## What you need to do
In the records that come next, find every line with "matrix". Return those lines.

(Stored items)

(* Let $k$ be a positive integer and let $\mathbf a\in\mathscr S_k$ be such that $\mathcal s(\mathbf a)>0$. Assume there is a real number $\rho>1$ such that $d_l=\mathcal O(l^{\rho-1})$ for $l\ge k+1$. Then $\kappa_{\mathbf a}(s,u)=\sum_{m,n\ge1}a_{m,n}m^{-s}n^{-\bar u}$ is a positive semi-definite Dirichlet series kernel on $\mathbb H_\rho\times\mathbb H_\rho$. Moreover, for every integer $n\ge k+1$ the analytic symbol $A_{n,\mathbf a}(s)=\sum_{m\ge1}a_{m,n}m^{-s}$ is a Dirichlet polynomial, and the Dirichlet polynomials form a dense subspace of the associated reproducing kernel Hilbert space $\mathscr H_{\mathbf a}$.
   Context: Class $\mathscr S_k$: given a $k\times k$ complex matrix $\mathbf b=(b_{i,j})$, complex numbers $c_{k+1},c_{k+2},\dots$ and positive reals $d_{k+1},d_{k+2},\dots$, let $\mathbf a=(a_{m,n})_{m,n\ge1}$ be the block matrix $\begin{pmatrix}\mathbf b&\mathbf c\\\mathbf c^*&\mathbf d\end{pmatrix}$, where $\mathbf c$ is the $k\times\infty$ matrix all of whose rows equal $(c_{k+1},c_{k+2},\dots)$ and $\mathbf d=\mathrm{diag}(d_{k+1},d_{k+2},\dots)$; i.e. $a_{i,j}=b_{i,j}$ for $i,j\le k$, $a_{i,k+l}=c_{k+l}$ and $a_{k+l,i}=\overline{c_{k+l}}$ for $i\le k$, $l\ge1$, $a_{k+l,k+l}=d_{k+l}$, and $a_{k+l,k+l'}=0$ for $l\ne l'$. $\mathbf a\in\mathscr S_k$ if $\mathbf b$ is positive semi-definite and $\sum_{l\ge1}|c_{k+l}|^2/d_{k+l}<\infty$; then $\mathcal s(\mathbf a)=\lambda_{\min}(\mathbf b)-k\sum_{l\ge1}|c_{k+l}|^2/d_{k+l}$, with $\lambda_{\min}$ the minimal eigenvalue. $\mathbb H_\rho=\{\Re s>\rho\}$. A Dirichlet series kernel on $\mathbb H_\rho$ is $\kappa_{\mathbf a}$ such that $(s,u)\mapsto\kappa_{\mathbf a}(s,\bar u)$ is regularly convergent on $\mathbb H_\rho\times\mathbb H_\rho$ (double series convergent and all row/column series convergent). $\mathscr H_{\mathbf a}$ is the reproducing kernel Hilbert space of functions on $\mathbb H_\rho$ with kernel $\kappa_{\mathbf a}$. A Dirichlet polynomial is a finite sum $\sum_{n=1}^Nc_nn^{-s}$. *)

theory Defs
  imports "HOL-Analysis.Analysis" "HOL-Library.Landau_Symbols"
begin

text \<open>Matrices and sequences are indexed from 1; index 0 is unused.\<close>

text \<open>The block matrix a = (b c; c* d) built from the k x k matrix b,
  the sequence c (indices l \<ge> k+1) and the diagonal d (indices l \<ge> k+1).\<close>
definition block_mat ::
  "nat \<Rightarrow> (nat \<Rightarrow> nat \<Rightarrow> complex) \<Rightarrow> (nat \<Rightarrow> complex) \<Rightarrow> (nat \<Rightarrow> real) \<Rightarrow> nat \<Rightarrow> nat \<Rightarrow> complex"
  where "block_mat k b c d m n =
    (if m \<le> k \<and> n \<le> k then b m n
     else if m \<le> k then c n
     else if n \<le> k then cnj (c m)
     else if m = n then complex_of_real (d m) else 0)"

definition psd_mat :: "nat \<Rightarrow> (nat \<Rightarrow> nat \<Rightarrow> complex) \<Rightarrow> bool" where
  "psd_mat k b \<longleftrightarrow>
     (\<forall>i\<in>{1..k}. \<forall>j\<in>{1..k}. b i j = cnj (b j i)) \<and>
     (\<forall>v :: nat \<Rightarrow> complex. let q = (\<Sum>i=1..k. \<Sum>j=1..k. cnj (v i) * b i j * v j)
                                in Im q = 0 \<and> Re q \<ge> 0)"

definition is_eigenvalue :: "nat \<Rightarrow> (nat \<Rightarrow> nat \<Rightarrow> complex) \<Rightarrow> complex \<Rightarrow> bool" where
  "is_eigenvalue k b lam \<longleftrightarrow>
     (\<exists>v :: nat \<Rightarrow> complex. (\<exists>i\<in>{1..k}. v i \<noteq> 0) \<and>
        (\<forall>i\<in>{1..k}. (\<Sum>j=1..k. b i j * v j) = lam * v i))"

text \<open>Minimal eigenvalue (eigenvalues of a Hermitian matrix are real).\<close>
definition lambda_min :: "nat \<Rightarrow> (nat \<Rightarrow> nat \<Rightarrow> complex) \<Rightarrow> real" where
  "lambda_min k b = Inf {x :: real. is_eigenvalue k b (complex_of_real x)}"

## Written solution
   Context: Class $\mathscr S_k$: given a $k\times k$ complex matrix $\mathbf b=(b_{i,j})$, complex numbers $c_{k+1},c_{k+2},\dots$ and positive reals $d_{k+1},d_{k+2},\dots$, let $\mathbf a=(a_{m,n})_{m,n\ge1}$ be the block matrix $\begin{pmatrix}\mathbf b&\mathbf c\\\mathbf c^*&\mathbf d\end{pmatrix}$, where $\mathbf c$ is the $k\times\infty$ matrix all of whose rows equal $(c_{k+1},c_{k+2},\dots)$ and $\mathbf d=\mathrm{diag}(d_{k+1},d_{k+2},\dots)$; i.e. $a_{i,j}=b_{i,j}$ for $i,j\le k$, $a_{i,k+l}=c_{k+l}$ and $a_{k+l,i}=\overline{c_{k+l}}$ for $i\le k$, $l\ge1$, $a_{k+l,k+l}=d_{k+l}$, and $a_{k+l,k+l'}=0$ for $l\ne l'$. $\mathbf a\in\mathscr S_k$ if $\mathbf b$ is positive semi-definite and $\sum_{l\ge1}|c_{k+l}|^2/d_{k+l}<\infty$; then $\mathcal s(\mathbf a)=\lambda_{\min}(\mathbf b)-k\sum_{l\ge1}|c_{k+l}|^2/d_{k+l}$, with $\lambda_{\min}$ the minimal eigenvalue. $\mathbb H_\rho=\{\Re s>\rho\}$. A Dirichlet series kernel on $\mathbb H_\rho$ is $\kappa_{\mathbf a}$ such that $(s,u)\mapsto\kappa_{\mathbf a}(s,\bar u)$ is regularly convergent on $\mathbb H_\rho\times\mathbb H_\rho$ (double series convergent and all row/column series convergent). $\mathscr H_{\mathbf a}$ is the reproducing kernel Hilbert space of functions on $\mathbb H_\rho$ with kernel $\kappa_{\mathbf a}$. A Dirichlet polynomial is a finite sum $\sum_{n=1}^Nc_nn^{-s}$. *)
text \<open>The block matrix a = (b c; c* d) built from the k x k matrix b,
text \<open>Minimal eigenvalue (eigenvalues of a Hermitian matrix are real).\<close>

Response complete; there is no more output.